** DATA TO PROCESS **
lemma has_real_derivative_Ffun_along:
  assumes f: "(f has_real_derivative f') (at x)"
    and "\<And>j. j < n \<Longrightarrow> 1 + \<gamma> * b j * f x \<noteq> 0"
    and "\<And>i. i < p \<Longrightarrow> a i * Gfun \<gamma> n b \<pi> (f x) \<noteq> x"
  shows "((\<lambda>l. Ffun \<gamma> p a \<omega> n b \<pi> l (f l)) has_real_derivative
      f' * dFfun \<gamma> p a \<omega> n b \<pi> x (f x) - (\<Sum>i<p. a i * \<omega> i / (a i * Gfun \<gamma> n b \<pi> (f x) - x) ^ 2)) (at x)"
proof -
  note G = DERIV_chain2[OF has_real_derivative_Gfun[OF assms(2)] f]
  have "((\<lambda>l. \<Sum>i<p. a i * \<omega> i / (a i * Gfun \<gamma> n b \<pi> (f l) - l)) has_real_derivative
      (\<Sum>i<p. a i * \<omega> i / (a i * Gfun \<gamma> n b \<pi> (f x) - x) ^ 2
        - f' * (dGfun \<gamma> n b \<pi> (f x) * (a i ^ 2 * \<omega> i / (a i * Gfun \<gamma> n b \<pi> (f x) - x) ^ 2)))) (at x)"
  proof (rule DERIV_sum)
    fix i assume "i \<in> {..<p}"
    then have "a i * Gfun \<gamma> n b \<pi> (f x) - x \<noteq> 0" using assms(3) by auto
    then show "((\<lambda>l. a i * \<omega> i / (a i * Gfun \<gamma> n b \<pi> (f l) - l)) has_real_derivative
        a i * \<omega> i / (a i * Gfun \<gamma> n b \<pi> (f x) - x) ^ 2
        - f' * (dGfun \<gamma> n b \<pi> (f x) * (a i ^ 2 * \<omega> i / (a i * Gfun \<gamma> n b \<pi> (f x) - x) ^ 2))) (at x)"
      by (auto intro!: derivative_eq_intros G simp: divide_simps power2_eq_square)
        (simp add: algebra_simps)
  qed
  from DERIV_diff[OF f this] show ?thesis
    unfolding Ffun_def[abs_def] dFfun_def
    by (simp add: sum_subtractf sum_distrib_left algebra_simps)
qed

lemma dFfun_along_root_curve_nonzero:
  assumes "p > 0" "\<And>i. i < p \<Longrightarrow> a i > 0" "\<And>i. i < p \<Longrightarrow> \<omega> i > 0"
    and f: "(f has_real_derivative f') (at x)"
    and nonpole: "\<And>j. j < n \<Longrightarrow> 1 + \<gamma> * b j * f x \<noteq> 0"
    and nonsing: "\<And>i. i < p \<Longrightarrow> a i * Gfun \<gamma> n b \<pi> (f x) \<noteq> x"
    and root: "\<forall>\<^sub>F l in nhds x. Ffun \<gamma> p a \<omega> n b \<pi> l (f l) = 0"
  shows "dFfun \<gamma> p a \<omega> n b \<pi> x (f x) \<noteq> 0"
proof
  assume "dFfun \<gamma> p a \<omega> n b \<pi> x (f x) = 0"
  moreover have "((\<lambda>l. Ffun \<gamma> p a \<omega> n b \<pi> l (f l)) has_real_derivative 0) (at x)"
    using DERIV_cong_ev[OF refl root refl] by simp
  note DERIV_unique[OF has_real_derivative_Ffun_along[OF f nonpole nonsing] this]
  ultimately have "(\<Sum>i<p. a i * \<omega> i / (a i * Gfun \<gamma> n b \<pi> (f x) - x) ^ 2) = 0"
    by simp
  moreover have "(\<Sum>i<p. a i * \<omega> i / (a i * Gfun \<gamma> n b \<pi> (f x) - x) ^ 2) > 0"
    using assms(1-3) nonsing by (intro sum_pos) auto
  ultimately show False by simp
qed

lemma isCont_dFfun_along:
  assumes "isCont f x"
    and "\<And>j. j < n \<Longrightarrow> 1 + \<gamma> * b j * f x \<noteq> 0"
    and "\<And>i. i < p \<Longrightarrow> a i * Gfun \<gamma> n b \<pi> (f x) \<noteq> x"
  shows "isCont (\<lambda>l. dFfun \<gamma> p a \<omega> n b \<pi> l (f l)) x"
  using assms unfolding dFfun_def dGfun_def Gfun_def
  by (intro continuous_intros) auto

lemma Gfun_denominator_ge_half:
  fixes \<gamma> :: real
  assumes "\<gamma> > 0" "b j > 0" "b j \<le> B" "\<bar>y\<bar> \<le> 1 / (2 * \<gamma> * B)"
  shows "1 + \<gamma> * b j * y \<ge> 1 / 2"
proof -
  have "\<bar>\<gamma> * b j * y\<bar> = (\<gamma> * b j) * \<bar>y\<bar>" using assms by (simp add: abs_mult)
  also have "\<dots> \<le> (\<gamma> * B) * (1 / (2 * \<gamma> * B))" using assms by (intro mult_mono) auto
  also have "\<dots> = 1 / 2" using assms by simp
  finally show ?thesis by linarith
qed

lemma abs_Gfun_le:
  assumes "\<gamma> > 0" "\<And>j. j < n \<Longrightarrow> b j > 0" "\<And>j. j < n \<Longrightarrow> 0 \<le> \<pi> j \<and> \<pi> j \<le> 1"
    and "\<bar>y\<bar> \<le> 1 / (2 * \<gamma> * (\<Sum>j<n. b j))"
  shows "\<bar>Gfun \<gamma> n b \<pi> y\<bar> \<le> 2 * (\<Sum>j<n. b j)"
proof -
  have term_le: "\<bar>b j * \<pi> j / (1 + \<gamma> * b j * y)\<bar> \<le> 2 * b j" if j: "j < n" for j
  proof -
    have bj: "b j > 0" and \<pi>j: "0 \<le> \<pi> j" "\<pi> j \<le> 1" using assms(2,3) j by auto
    have "b j \<le> (\<Sum>j<n. b j)"
      using assms(2) j by (intro member_le_sum) (auto intro: less_imp_le)
    then have "1 + \<gamma> * b j * y \<ge> 1 / 2"
      using assms j by (intro Gfun_denominator_ge_half) auto
    moreover have "b j * \<pi> j \<le> b j" using bj \<pi>j by (simp add: mult_left_le)
    ultimately have "b j * \<pi> j / (1 + \<gamma> * b j * y) \<le> b j / (1 / 2)"
      using bj \<pi>j by (intro frac_le) auto
    moreover have "b j * \<pi> j / (1 + \<gamma> * b j * y) \<ge> 0"
      using bj \<pi>j \<open>1 + \<gamma> * b j * y \<ge> 1 / 2\<close> by simp
    ultimately show ?thesis by (simp only: abs_of_nonneg) simp
  qed
  have "\<bar>Gfun \<gamma> n b \<pi> y\<bar> \<le> (\<Sum>j<n. \<bar>b j * \<pi> j / (1 + \<gamma> * b j * y)\<bar>)"
    unfolding Gfun_def by (rule sum_abs)
  also have "\<dots> \<le> (\<Sum>j<n. 2 * b j)" using term_le by (intro sum_mono) auto
  finally show ?thesis by (simp add: sum_distrib_left)
qed

lemma abs_dGfun_le:
  assumes "\<gamma> > 0" "\<And>j. j < n \<Longrightarrow> b j > 0" "\<And>j. j < n \<Longrightarrow> 0 \<le> \<pi> j \<and> \<pi> j \<le> 1"
    and "\<bar>y\<bar> \<le> 1 / (2 * \<gamma> * (\<Sum>j<n. b j))"
  shows "\<bar>dGfun \<gamma> n b \<pi> y\<bar> \<le> 4 * \<gamma> * (\<Sum>j<n. b j) ^ 2"
proof -
  define B where "B = (\<Sum>j<n. b j)"
  have term_le: "\<bar>\<gamma> * b j ^ 2 * \<pi> j / (1 + \<gamma> * b j * y) ^ 2\<bar> \<le> 4 * \<gamma> * B * b j"
    if j: "j < n" for j
  proof -
    have bj: "b j > 0" using assms(2) j by simp
    have bB: "b j \<le> B"
      unfolding B_def using assms(2) j by (intro member_le_sum) (auto intro: less_imp_le)
    then have "1 + \<gamma> * b j * y \<ge> 1 / 2"
      using assms j unfolding B_def by (intro Gfun_denominator_ge_half) auto
    then have "(1 + \<gamma> * b j * y) ^ 2 \<ge> 1 / 4"
      using power_mono[of "1/2" "1 + \<gamma> * b j * y" 2] by (simp add: power2_eq_square)
    moreover have "\<gamma> * b j ^ 2 * \<pi> j \<le> \<gamma> * B * b j"
    proof -
      have "b j * \<pi> j \<le> b j" using assms(2,3) j by (simp add: mult_left_le)
      with bB have "b j * \<pi> j \<le> B" by linarith
      then show ?thesis using assms(1,2) j by (simp add: power2_eq_square mult_left_mono)
    qed
    ultimately have "\<gamma> * b j ^ 2 * \<pi> j / (1 + \<gamma> * b j * y) ^ 2 \<le> \<gamma> * B * b j / (1 / 4)"
      using assms(1) bj bB by (intro frac_le) auto
    moreover have "\<gamma> * b j ^ 2 * \<pi> j / (1 + \<gamma> * b j * y) ^ 2 \<ge> 0"
      using assms(1,3) j by simp
    ultimately show ?thesis by (simp only: abs_of_nonneg) simp
  qed
  have "\<bar>dGfun \<gamma> n b \<pi> y\<bar> \<le> (\<Sum>j<n. \<bar>\<gamma> * b j ^ 2 * \<pi> j / (1 + \<gamma> * b j * y) ^ 2\<bar>)"
    unfolding dGfun_def abs_minus_cancel by (rule sum_abs)
  also have "\<dots> \<le> (\<Sum>j<n. 4 * \<gamma> * B * b j)" using term_le by (intro sum_mono) auto
  also have "\<dots> = 4 * \<gamma> * B ^ 2"
    by (simp only: sum_distrib_left[symmetric]) (simp add: B_def power2_eq_square)
  finally show ?thesis unfolding B_def .
qed

lemma abs_master_root_le:
  fixes a \<omega> :: "nat \<Rightarrow> real"
  assumes a_pos: "\<And>i. i < p \<Longrightarrow> a i > 0" and \<omega>_nonneg: "\<And>i. i < p \<Longrightarrow> 0 \<le> \<omega> i"
    and \<omega>_sum: "(\<Sum>i<p. \<omega> i) = 1"
    and "x > 0" and nonsing: "\<And>i. i < p \<Longrightarrow> a i * g \<noteq> x"
    and e_eq: "e = (\<Sum>i<p. a i * \<omega> i / (a i * g - x))"
    and s_bound: "\<bar>1 + x * (\<Sum>i<p. \<omega> i / (a i * g - x))\<bar> \<le> 1"
  shows "\<bar>e\<bar> \<le> 2 * (\<Sum>i<p. a i) / x"
proof -
  define A where "A = (\<Sum>i<p. a i)"
  have "p \<noteq> 0" using \<omega>_sum by (metis lessThan_0 sum.empty zero_neq_one)
  then have "A > 0" unfolding A_def using a_pos by (intro sum_pos) auto
  have "g * e = (\<Sum>i<p. \<omega> i + x * (\<omega> i / (a i * g - x)))"
    unfolding e_eq sum_distrib_left
    by (intro sum.cong refl) (use nonsing in \<open>auto simp: field_simps\<close>)
  also have "\<dots> = 1 + x * (\<Sum>i<p. \<omega> i / (a i * g - x))"
    by (simp add: sum.distrib sum_distrib_left \<omega>_sum)
  finally have "\<bar>g\<bar> * \<bar>e\<bar> \<le> 1" using s_bound by (simp add: abs_mult)
  \<comment> \<open>A large \<open>g\<close> is controlled by the identity just proved, a small one by the formula for \<open>e\<close>.\<close>
  show ?thesis
  proof (cases "\<bar>g\<bar> \<ge> x / (2 * A)")
    case True
    with \<open>A > 0\<close> \<open>x > 0\<close> have "\<bar>g\<bar> > 0" by (smt (verit) divide_pos_pos)
    with \<open>\<bar>g\<bar> * \<bar>e\<bar> \<le> 1\<close> have "\<bar>e\<bar> \<le> 1 / \<bar>g\<bar>" by (simp add: field_simps)
    also have "\<dots> \<le> 1 / (x / (2 * A))"
      using True \<open>\<bar>g\<bar> > 0\<close> \<open>A > 0\<close> \<open>x > 0\<close> by (intro divide_left_mono) auto
    finally show ?thesis unfolding A_def by simp
  next
    case False
    have "\<bar>a i * \<omega> i / (a i * g - x)\<bar> \<le> a i * (2 / x)" if i: "i < p" for i
    proof -
      have "a i \<le> A"
        unfolding A_def using a_pos i by (intro member_le_sum) (auto intro: less_imp_le)
      then have "\<bar>a i * g\<bar> \<le> A * \<bar>g\<bar>"
        using a_pos[OF i] by (simp add: abs_mult mult_right_mono)
      also have "\<dots> < x / 2" using False \<open>A > 0\<close> by (simp add: field_simps)
      finally have "x / 2 < \<bar>a i * g - x\<bar>" by linarith
      have "\<omega> i \<le> 1"
        using \<omega>_sum member_le_sum[of i "{..<p}" \<omega>] \<omega>_nonneg i by auto
      have "\<bar>a i * \<omega> i / (a i * g - x)\<bar> = a i * \<omega> i / \<bar>a i * g - x\<bar>"
        using a_pos[OF i] \<omega>_nonneg[OF i] by (simp add: abs_mult)
      also have "\<dots> \<le> a i * 1 / (x / 2)"
        using \<open>x / 2 < \<bar>a i * g - x\<bar>\<close> \<open>\<omega> i \<le> 1\<close> a_pos[OF i] \<omega>_nonneg[OF i] \<open>x > 0\<close>
        by (intro frac_le mult_left_mono) auto
      finally show ?thesis by simp
    qed
    then have "\<bar>e\<bar> \<le> (\<Sum>i<p. a i * (2 / x))"
      unfolding e_eq by (intro order.trans[OF sum_abs] sum_mono) auto
    also have "\<dots> = 2 * (\<Sum>i<p. a i) / x" by (subst sum_distrib_right[symmetric]) simp
    finally show ?thesis .
  qed
qed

** ABOUT THIS EXERCISE **
Return each line among the entries that holds the word "rule".

** TASK RESPONSE **
  proof (rule DERIV_sum)
    unfolding Gfun_def by (rule sum_abs)
    unfolding dGfun_def abs_minus_cancel by (rule sum_abs)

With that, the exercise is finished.